Don’t Discount the Discount Store

I’m a native Californian. So this makes me something of a clueless wuss when it comes to East Coast winter. You see, here in California, unless we head up to the Sierra Nevada mountains, we rarely experience any weather below 45 degrees Fahrenheit. In fact, we Californians shiver and complain when the temperature hits tepid winter levels, and this makes us something of an understandable laughing stock. (This does not, however, explain California’s rampant libertarianism, nor its wacko New Age movements.)

There’s a corollary to this Left Coast predicament. California’s relative warmth also means that many of us (or at least me) are utterly clueless about winter wear. Hats? Scarves? Gloves? You don’t say! What the hell are those? I have a trusty full-length wool coat that gets me through the cold winter nights, thank you very much. And if you push me against the wall, I’ll drag out my thermal underwear under duress, which I honestly can’t remember where I put. But I’m pretty sure it’s somewhere in my apartment!

I hit New York this weekend, where the weather ranged from 15-30 degrees. With my Californian idiot thinking in play, I likewise figured that the wool coat would serve me well in these comparatively freezing conditions. This worked out okay for me, except when I ventured beyond three Manhattan blocks in the cold. After three blocks, I began to experience an astonishing freezing sensation in my cheeks! This was something new and strange (and, dare I say it, exotic) to me, and I did my best to hide my panic. When my silly masculinity dissipated and I began to realize that this was not a good winter wear situation, it was suggested by certain folks kind enough to comprehend my cluelessness that covering my ears and hands would probably be a good thing.

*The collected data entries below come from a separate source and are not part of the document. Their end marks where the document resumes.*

(* Fix an integer $s_y\ge 0$. For each integer $t\ge1$ let $A_t$ be the set $I_1\cup I_2\cup I_3\cup T\cup S$ where $Y=[0,s_y]$, $a=4s_y+3$, $I_1=[0,t]\times Y$, $T=[0,(t),at^2-t]\times\{0\}$, $S=[at^2,(t+1),(a+1)t^2-1]\times Y$, $I_2=[2at^2,2at^2+t]\times Y$, $I_3=[(3a+1)t^2,(3a+1)t^2+t]\times Y$. Then $A_t$ is a planar additive basis for $[0,(16s_y+14)t^2-1]\times[0,s_y]$, and its efficiency $c_t=\dfrac{(16s_y+14)t^2(s_y+1)}{|A_t|^2}$ satisfies $$\lim_{t\to\infty}c_t=\frac{2s_y+2}{8s_y+7}.$$
   Context: For integers $a\le b$, $[a,b]$ denotes $\{a,\dots,b\}$. For integers $a\le b$ and $t\ge1$ with $t\mid b-a$, $[a,(t),b]=\{a,a+t,\dots,b\}$. A planar additive basis for $[0,s_x]\times[0,s_y]$ is a set $A$ of points with non-negative integer coordinates with $A+A\supseteq[0,s_x]\times[0,s_y]$ ($A+A$ the vector sumset, summands may coincide); its efficiency is $(s_x+1)(s_y+1)/|A|^2$. *)

theory Defs
  imports "HOL-Analysis.Analysis"
begin

text \<open>Arithmetic progression [a,(t),b] = {a, a+t, ..., b} (with t >= 1, t dvd b - a).\<close>
definition step_interval :: "nat \<Rightarrow> nat \<Rightarrow> nat \<Rightarrow> nat set" where
  "step_interval a t b = {x. a \<le> x \<and> x \<le> b \<and> t dvd (x - a)}"

definition sumset2 :: "(nat \<times> nat) set \<Rightarrow> (nat \<times> nat) set" where
  "sumset2 A = {(fst p + fst q, snd p + snd q) | p q. p \<in> A \<and> q \<in> A}"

So I sallied forth to do this. But I could not find a trusty cap or gloves for sale in a ten block area. This was New York! Why was it possible to order smoked Cuban fish at 2:30 AM, and yet not find winter gear? I was prepared to abandon my quest altogether, silently shivering and risking possible frostbite, until I stumbled upon one of those 99 cent stores. I walked into this dubious outlet with some trepidation.

I was stunned to discover a hat and gloves, which I obtained for the amazing price of $2.58. The freezing feeling in my cheeks disappeared! There was better body heat distribution! I began to walk proudly in the cold, thinking that (at least for this weekend) I could probably pull a Travolta strut and ask for two, two slices of pizza somewhere.

There is a moral to this story: a discount store will save you from the cold more effectively than one of those silly Duane Reade outlets that purport to serve the general public.


  1. Duane Reade is actually a drug store and really only good for finding an umbrella when it’s raining. It’s amazing that you didn’t encounter a street vendor hawking winter wear within that 10 blocks. I’m offered all sorts of things that have fallen off the back of trucks whenever I walk down the street in Manhattan.

  2. Haha – I think if it weren’t for 99 cent stores, half of Minnesota would be missing ears and fingers.

    When I lived in Miami, people stayed home when it got in to the freezing 60’s. Heat is all relative to what you’re used to. I’m considered a huge wuss in Minnesota – but man, I felt like a badass in Miami at 65 degrees!